There were a few other kids from school on the bus. Heads down, curled over their phones. I didn’t have a phone. Who knew anymore whether it was because Mum couldn’t afford it or because she just plain didn’t want me to have one? Even a bad one without a camera. Just so I could have something private. Searching for stuff on the internet on Jason’s computer made my skin fizz.
The bus stank. A kid next to me blew his nose into his arm. The driver shouted at the guys in the back seat. At the front of the bus an old lady started banging her walking stick on the floor and the sound bounced in my brain until all I could hear was the walking stick and I wasn’t sure why I was even on the bus. Finally, the driver shouted, ‘Mrs Nerington, stop it!’ and the bus was silent for a split second before the laughter.
We pushed through the school gate as one mass, popped out the other side. I stood by the office for a while, thought about asking them to call the mayor of Adelaide to tell him I would need a lift home; stood at the bottom of the stairs a while longer and thought about smashing my foot with a brick so I wouldn’t be able to walk up there.
Our homeroom teacher – Miss Fan, I had learned – gave me another copy of my timetable and sketched out a map of the rooms I would need. Raf had sat next to me again. He took one look at it and started laughing.

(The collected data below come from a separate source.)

(* Let $a\ge1$ and let $M_0,M_1,\dots,M_{a-1}$ be twisted $I$-adically incremental matrices with entries in $\mathbb{Z}_q[\![\underline\pi]\!]$. Write $\det(I-sM_{a-1}\cdots M_1M_0)=\sum_{k\ge0}(-1)^kr_k(\underline\pi)s^k$. Then for every $k\ge0$, $$\mathrm{val}_I(r_k(\underline\pi))\ge\frac{ak(k-1)(p-1)}{2d},$$ and $$r_k(\underline\pi)\equiv\prod_{j=0}^{a-1}\det\big((M_j)_{mn}\big)_{0\le m,n\le k-1}\pmod{I^{\lceil\frac{ak(k-1)(p-1)+(p-1)}{2d}\rceil}}.$$
   Context: $p$ prime, $d$ a positive integer, $\mathbb{Z}_q$ the unramified extension of $\mathbb{Z}_p$ with residue field $\mathbb{F}_q$, $I=(\pi_1,\dots,\pi_\ell)\subseteq\mathbb{Z}_q[\![\pi_1,\dots,\pi_\ell]\!]$. Define $\mathrm{val}_I(x)=n$ if $x\in I^n\setminus I^{n+1}$ and $\mathrm{val}_I(0)=\infty$. Matrices have rows and columns indexed by $\mathbb{Z}_{\ge0}$. A matrix $(h_{mn})_{m,n\ge0}$ over $\mathbb{Z}_q[\![\underline\pi]\!]$ is twisted $I$-adically incremental if $\mathrm{val}_I(h_{mn})\ge\frac{mp-n}{d}$ for all $m,n\ge0$. Products of such infinite matrices and their characteristic power series $\det(I-sM)=\sum_k(-1)^ks^k\sum_{m_0<\dots<m_{k-1}}\det(M_{m_im_j})$ converge $I$-adically. *)

theory Defs
  imports "HOL-Analysis.Analysis"
begin

text \<open>Multivariate formal power series in the variables indexed by a finite type 'v
  (so the number of variables is CARD('v)) with coefficients in a commutative ring 'a.
  A series is its coefficient function on exponent vectors (monomials) e :: 'v \<Rightarrow> nat.\<close>

type_synonym ('v, 'a) mps = "('v \<Rightarrow> nat) \<Rightarrow> 'a"

definition mdeg :: "('v::finite \<Rightarrow> nat) \<Rightarrow> nat" where
  "mdeg e = (\<Sum>v\<in>UNIV. e v)"

definition mps_zero :: "('v, 'a::zero) mps" where
  "mps_zero = (\<lambda>_. 0)"

definition mps_one :: "('v, 'a::{zero,one}) mps" where
  "mps_one = (\<lambda>e. if e = (\<lambda>_. 0) then 1 else 0)"
(* Let $F$ be a positive integer and $S\in\mathrm{Sat}(F)$. Then for every integer $g$ with $\mathrm{g}(S)\le g\le F$ there exists $T\in\mathrm{Sat}(F)$ with $\mathrm{g}(T)=g$.
   Context: A numerical semigroup is a subset $S\subseteq\mathbb{N}$ closed under addition, containing $0$, with $\mathbb{N}\setminus S$ finite. Its genus $\mathrm{g}(S)$ is the cardinality of $\mathbb{N}\setminus S$, and its Frobenius number $\mathrm{F}(S)$ is the largest integer not in $S$. For $A\subseteq\mathbb{N}$ and $a\in A$, let $\mathrm{d}_A(a)=\gcd\{x\in A\mid x\le a\}$. A numerical semigroup $S$ is saturated if $s+\mathrm{d}_S(s)\in S$ for all $s\in S\setminus\{0\}$. For a positive integer $F$, $\mathrm{Sat}(F)$ denotes the set of all saturated numerical semigroups $S$ with $\mathrm{F}(S)=F$. *)

theory Defs
  imports Main
begin

definition numerical_semigroup :: "nat set \<Rightarrow> bool" where
  "numerical_semigroup S \<longleftrightarrow> 0 \<in> S \<and> (\<forall>x\<in>S. \<forall>y\<in>S. x + y \<in> S) \<and> finite (UNIV - S)"

definition genus :: "nat set \<Rightarrow> nat" where
  "genus S = card (UNIV - S)"

(* Frobenius number: the largest natural number not in S (only used when UNIV - S is nonempty) *)
definition frobenius :: "nat set \<Rightarrow> nat" where
  "frobenius S = Max (UNIV - S)"

definition dA :: "nat set \<Rightarrow> nat \<Rightarrow> nat" where
  "dA A a = Gcd {x \<in> A. x \<le> a}"

definition saturated :: "nat set \<Rightarrow> bool" where
  "saturated S \<longleftrightarrow> numerical_semigroup S \<and> (\<forall>s\<in>S - {0}. s + dA S s \<in> S)"

definition Sat :: "nat \<Rightarrow> nat set set" where
  "Sat F = {S. saturated S \<and> UNIV - S \<noteq> {} \<and> frobenius S = F}"

end

theory Submission
  imports Defs
begin

text \<open>If \<open>S \<in> Sat(F)\<close>, let \<open>s\<close> be the largest element of \<open>S\<close> below \<open>F\<close> and \<open>d = d\<^sub>S(s)\<close>.
  Saturation puts \<open>s + d\<close> into \<open>S\<close>, so \<open>d\<close> cannot divide \<open>F\<close>, while \<open>d\<close> divides every element
  of \<open>S\<close> below \<open>F\<close>. For every \<open>c\<close> the set \<open>T\<^sub>c\<close> consisting of \<open>0\<close>, the multiples of \<open>d\<close> in
  \<open>[c, F)\<close> and all integers above \<open>F\<close> is again in \<open>Sat(F)\<close>. Its genus is at most \<open>g(S)\<close> for
  \<open>c = 0\<close>, equals \<open>F\<close> for \<open>c \<ge> F\<close>, and grows by at most one when \<open>c\<close> is increased by one;
  hence every value in between is attained.\<close>

lemma frobenius_eqI:
  assumes "finite (UNIV - S)" and "F \<notin> S" and "\<And>x. F < x \<Longrightarrow> x \<in> S"
  shows "frobenius S = F"
  unfolding frobenius_def
proof (rule antisym)
  show "Max (UNIV - S) \<le> F"
    using assms by (subst Max_le_iff) (auto simp: not_less[symmetric])
  show "F \<le> Max (UNIV - S)"
    using assms by (intro Max_ge) auto
qed

lemma
  assumes "S \<in> Sat F"
  shows Sat_finite_gaps: "finite (UNIV - S)"
    and Sat_frobenius_notin: "F \<notin> S"
proof -
  have nonempty: "UNIV - S \<noteq> {}" and max: "Max (UNIV - S) = F"
    using assms by (auto simp: Sat_def frobenius_def)
  show fin: "finite (UNIV - S)"
    using assms by (simp add: Sat_def saturated_def numerical_semigroup_def)
  show "F \<notin> S"
    using Max_in[OF fin nonempty] max by auto
qed

lemma Sat_common_divisor_below_frobenius:
  assumes "F > 0" and "S \<in> Sat F"
  obtains d where "\<not> d dvd F" and "\<And>x. x \<in> S \<Longrightarrow> 0 < x \<Longrightarrow> x < F \<Longrightarrow> d dvd x"
proof (cases "S \<inter> {0<..<F} = {}")
  case True
  then show ?thesis
    using assms(1) by (intro that[of 0]) auto
next
  case False
  define s where "s = Max (S \<inter> {0<..<F})"
  have s: "s \<in> S" "0 < s" "s < F"
    using Max_in[OF _ False] by (auto simp: s_def)
  have s_max: "x \<le> s" if "x \<in> S" "0 < x" "x < F" for x
    using that by (auto simp: s_def intro: Max_ge)
  define d where "d = dA S s"
  have d_dvd: "d dvd x" if "x \<in> S" "x \<le> s" for x
    unfolding d_def dA_def by (rule Gcd_dvd) (use that in auto)
  have sd: "s + d \<in> S"
    using assms(2) s by (auto simp: Sat_def saturated_def d_def)
  have "\<not> d dvd F"
  proof
    assume "d dvd F"
    moreover have "d dvd s"
      using d_dvd s by auto
    ultimately have "d dvd F - s"
      by (rule dvd_diff_nat)
    moreover have "d > 0"
      using \<open>d dvd F\<close> assms(1) by (auto intro: gr0I)
    ultimately have "s + d \<le> F"
      using s(3) by (auto dest: dvd_imp_le)
    moreover have "s + d \<noteq> F"
      using sd Sat_frobenius_notin[OF assms(2)] by auto
    ultimately show False
      using s_max[OF sd] \<open>d > 0\<close> by auto
  qed
  then show ?thesis
    using that d_dvd s_max by auto
qed

definition truncated_multiples :: "nat \<Rightarrow> nat \<Rightarrow> nat \<Rightarrow> nat set" where
  "truncated_multiples F d c = insert 0 {x. c \<le> x \<and> 0 < x \<and> x < F \<and> d dvd x} \<union> {F<..}"

lemma truncated_multiples_gaps:
  "UNIV - truncated_multiples F d c = {1..F} - {x. c \<le> x \<and> x < F \<and> d dvd x}"
  by (auto simp: truncated_multiples_def)

lemma truncated_multiples_in_Sat:
  assumes "F > 0" and "\<not> d dvd F"
  shows "truncated_multiples F d c \<in> Sat F"
proof -
  let ?T = "truncated_multiples F d c"
  have multiple_in: "y \<in> ?T" if "d dvd y" "c \<le> y" "0 < y" for y
    using that assms(2) by (cases "y = F") (auto simp: truncated_multiples_def)
  have fin: "finite (UNIV - ?T)"
    by (simp add: truncated_multiples_gaps)
  have closed: "x + y \<in> ?T" if "x \<in> ?T" "y \<in> ?T" for x y
    using that multiple_in[of "x + y"] by (auto simp: truncated_multiples_def)
  have saturation: "s + dA ?T s \<in> ?T" if "s \<in> ?T - {0}" for s
  proof (cases "F < s")
    case True
    then show ?thesis
      by (auto simp: truncated_multiples_def)
  next
    case False
    then have s: "d dvd s" "c \<le> s" "0 < s"
      using that by (auto simp: truncated_multiples_def)
    have "d dvd dA ?T s"
      unfolding dA_def
      by (rule Gcd_greatest) (use False in \<open>auto simp: truncated_multiples_def\<close>)
    then show ?thesis
      using s by (intro multiple_in) auto
  qed
  have "F \<notin> ?T"
    using assms(1) by (simp add: truncated_multiples_def)
  moreover have "frobenius ?T = F"
    using fin \<open>F \<notin> ?T\<close> by (rule frobenius_eqI) (simp add: truncated_multiples_def)
  moreover have "saturated ?T"
    using fin closed saturation
    by (auto simp: saturated_def numerical_semigroup_def truncated_multiples_def)
  ultimately show ?thesis
    by (auto simp: Sat_def)
qed

lemma genus_truncated_multiples_Suc:
  "genus (truncated_multiples F d c) \<le> genus (truncated_multiples F d (Suc c))"
  "genus (truncated_multiples F d (Suc c)) \<le> genus (truncated_multiples F d c) + 1"
proof -
  let ?G = "\<lambda>c. UNIV - truncated_multiples F d c"
  have gaps_Suc: "?G (Suc c) = ?G c \<union> ({c} \<inter> {x. 0 < x \<and> x < F \<and> d dvd x})"
    unfolding truncated_multiples_gaps by auto
  have fin: "finite (?G c)"
    by (simp add: truncated_multiples_gaps)
  show "genus (truncated_multiples F d c) \<le> genus (truncated_multiples F d (Suc c))"
    unfolding genus_def gaps_Suc using fin by (intro card_mono) auto
  have "card (?G (Suc c)) \<le> card (?G c) + card ({c} \<inter> {x. 0 < x \<and> x < F \<and> d dvd x})"
    unfolding gaps_Suc by (rule card_Un_le)
  also have "\<dots> \<le> card (?G c) + 1"
    using card_mono[of "{c}" "{c} \<inter> {x. 0 < x \<and> x < F \<and> d dvd x}"] by auto
  finally show "genus (truncated_multiples F d (Suc c)) \<le> genus (truncated_multiples F d c) + 1"
    by (simp add: genus_def)
qed

lemma genus_truncated_multiples_above_frobenius:
  assumes "F \<le> c"
  shows "genus (truncated_multiples F d c) = F"
proof -
  have "UNIV - truncated_multiples F d c = {1..F}"
    using assms unfolding truncated_multiples_gaps by auto
  then show ?thesis
    by (simp add: genus_def)
qed

lemma genus_truncated_multiples_0_le:
  assumes "finite (UNIV - S)" and "F \<notin> S"
    and "\<And>x. x \<in> S \<Longrightarrow> 0 < x \<Longrightarrow> x < F \<Longrightarrow> d dvd x"
  shows "genus (truncated_multiples F d 0) \<le> genus S"
proof -
  have "UNIV - truncated_multiples F d 0 \<subseteq> UNIV - S"
  proof
    fix x
    assume "x \<in> UNIV - truncated_multiples F d 0"
    then have "0 < x" "x \<le> F" "x < F \<Longrightarrow> \<not> d dvd x"
      unfolding truncated_multiples_gaps by auto
    then show "x \<in> UNIV - S"
      using assms(2,3) by (cases "x = F") auto
  qed
  then show ?thesis
    unfolding genus_def by (rule card_mono[OF assms(1)])
qed

theorem lemma27:
  fixes F :: nat and S :: "nat set" and g :: nat
  assumes "F > 0" and "S \<in> Sat F" and "genus S \<le> g" and "g \<le> F"
  shows "\<exists>T \<in> Sat F. genus T = g"
proof -
  obtain d where d: "\<not> d dvd F" and dvd: "\<And>x. x \<in> S \<Longrightarrow> 0 < x \<Longrightarrow> x < F \<Longrightarrow> d dvd x"
    using Sat_common_divisor_below_frobenius[OF assms(1,2)] by blast
  define f where "f c = int (genus (truncated_multiples F d c))" for c
  have "\<bar>f (Suc c) - f c\<bar> \<le> 1" for c
    using genus_truncated_multiples_Suc[of F d c] by (simp add: f_def)
  moreover have "f 0 \<le> int g"
    using genus_truncated_multiples_0_le[OF Sat_finite_gaps[OF assms(2)]
        Sat_frobenius_notin[OF assms(2)] dvd] assms(3)
    by (simp add: f_def)
  moreover have "int g \<le> f F"
    using genus_truncated_multiples_above_frobenius[of F F d] assms(4) by (simp add: f_def)
  ultimately obtain c where "f c = int g"
    using nat_intermed_int_val[of 0 F f "int g"] by auto
  then show ?thesis
    using truncated_multiples_in_Sat[OF assms(1) d, of c] by (auto simp: f_def)
qed

end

‘The only rooms you need to worry about are the science labs and the ones downstairs near the gym. That’s where we have everything else.’ He scribbled his own drawing over the top. ‘So many subjects to fail!’
‘I’ve never failed any subjects,’ I said.
‘Figures,’ he said.
‘Why?’
‘No reason.’ When he smiled, his left cheek cracked into a deep dimple. ‘Other important things: at recess we go across the oval and get the good spot at the top of the pipe; Mr Tostini is the most hard-arse English marker in the whole school; everyone plays footy; never get the chicken rolls from the canteen, because they’re secretly made of camel meat.’
‘Um, gross.’
Raf laughed. ‘It tastes okay. Like, for an animal that’s mostly bones and can run faster than a car. Tough as shit. Better than turkey, not as good as crocodile.’
‘You can eat crocodile?’
‘If you can catch one.’ His breath was hot on my skin. I pulled away.
‘Don’t think I’ll try.’
‘Whatcha got first? Maths?’
‘Maths.’
‘Then we’re going the same way.’
He walked right next to me, down the stairs and out into the quadrangle. Everything had a thin layer of damp covering it, but the rain had broken and we walked to class in the sun.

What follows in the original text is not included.